lemma valid_hider_min_revealer:
  assumes "T \<in> treasure_sets n d"
  shows "valid_hider n d T (min_revealer T)"
proof -
  have "Min (G \<inter> (T - found h)) \<in> G \<inter> (T - found h)" if "G \<inter> (T - found h) \<noteq> {}" for G h
    using finite_treasure_set[OF assms] that by (intro Min_in) auto
  then show ?thesis
    using assms by (simp add: valid_hider_def treasure_sets_def min_revealer_def)
qed

lemma card_found_treasure_sets_le:
  assumes "valid_searcher n k s"
  shows "card {T \<in> treasure_sets n d. wins s (min_revealer T) T [] d} \<le> k ^ d"
proof -
  have fin: "\<And>h. finite (s h)" and bound: "\<And>h. card (s h) \<le> k"
    using assms by (auto simp: valid_searcher_def)
  have "{T \<in> treasure_sets n d. wins s (min_revealer T) T [] d}
      \<subseteq> found ` reachable_histories s d"
    using wins_imp_found_reachable valid_hider_min_revealer by blast
  then have "card {T \<in> treasure_sets n d. wins s (min_revealer T) T [] d}
      \<le> card (found ` reachable_histories s d)"
    by (intro card_mono finite_imageI finite_reachable_histories[OF fin])
  also have "\<dots> \<le> card (reachable_histories s d)"
    by (intro card_image_le finite_reachable_histories[OF fin])
  also have "\<dots> \<le> k ^ d"
    by (rule card_reachable_histories_le[OF fin bound])
  finally show ?thesis .
qed

lemma hider_guarantee:
  assumes "d \<le> n"
  shows "\<exists>\<tau> :: (nat set \<times> revealer) pmf.
        (\<forall>(T, r)\<in>set_pmf \<tau>. valid_hider n d T r) \<and>
        (\<forall>s. valid_searcher n k s \<longrightarrow>
           measure_pmf.prob \<tau> {(T, r). wins s r T [] d} \<le> real k ^ d / real (n choose d))"
proof (intro exI conjI allI impI)
  define D where "D = treasure_sets n d"
  have D: "finite D" "D \<noteq> {}"
    using treasure_sets_nonempty[OF assms] by (simp_all add: D_def)
  define \<tau> where "\<tau> = map_pmf (\<lambda>T. (T, min_revealer T)) (pmf_of_set D)"
  show "\<forall>(T, r)\<in>set_pmf \<tau>. valid_hider n d T r"
    using D valid_hider_min_revealer by (auto simp: \<tau>_def D_def)
  fix s
  assume "valid_searcher n k s"
  have "measure_pmf.prob \<tau> {(T, r). wins s r T [] d}
      = real (card {T \<in> D. wins s (min_revealer T) T [] d}) / real (card D)"
    using D by (simp add: \<tau>_def vimage_def measure_pmf_of_set Int_def)
  also have "\<dots> \<le> real k ^ d / real (n choose d)"
    using card_found_treasure_sets_le[OF \<open>valid_searcher n k s\<close>, of d]
    by (simp add: D_def card_treasure_sets divide_right_mono flip: of_nat_power)
  finally show "measure_pmf.prob \<tau> {(T, r). wins s r T [] d} \<le> real k ^ d / real (n choose d)" .
qed

subsection \<open>The searcher's guarantee\<close>

definition block :: "nat \<Rightarrow> nat \<Rightarrow> nat set" where
  "block k j = {j * k ..< Suc j * k}"

definition block_searcher :: "nat \<Rightarrow> nat \<Rightarrow> (nat \<Rightarrow> nat) \<Rightarrow> searcher" where
  "block_searcher d k \<pi> h = (if length h < d then \<pi> ` block k (length h) else {})"

definition covers_blocks :: "nat \<Rightarrow> nat \<Rightarrow> (nat \<Rightarrow> nat) \<Rightarrow> nat set \<Rightarrow> bool" where
  "covers_blocks d k \<pi> T \<longleftrightarrow> (\<forall>j<d. T \<inter> \<pi> ` block k j \<noteq> {})"

lemma card_block [simp]: "card (block k j) = k"
  by (simp add: block_def)

lemma finite_block [simp]: "finite (block k j)"
  by (simp add: block_def)

lemma block_div: "x \<in> block k j \<Longrightarrow> x div k = j"
  unfolding block_def by (intro div_nat_eqI) (auto simp: mult.commute)

lemma block_eq: "x \<in> block k i \<Longrightarrow> x \<in> block k j \<Longrightarrow> i = j"
  using block_div by metis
● ● ● ● ●
__BRIEF__: Every line above that has the string "assms" needs to be copied.

__PROBLEM SOLUTION__:
    using finite_treasure_set[OF assms] that by (intro Min_in) auto
    using assms by (simp add: valid_hider_def treasure_sets_def min_revealer_def)
    using assms by (auto simp: valid_searcher_def)
    using treasure_sets_nonempty[OF assms] by (simp_all add: D_def)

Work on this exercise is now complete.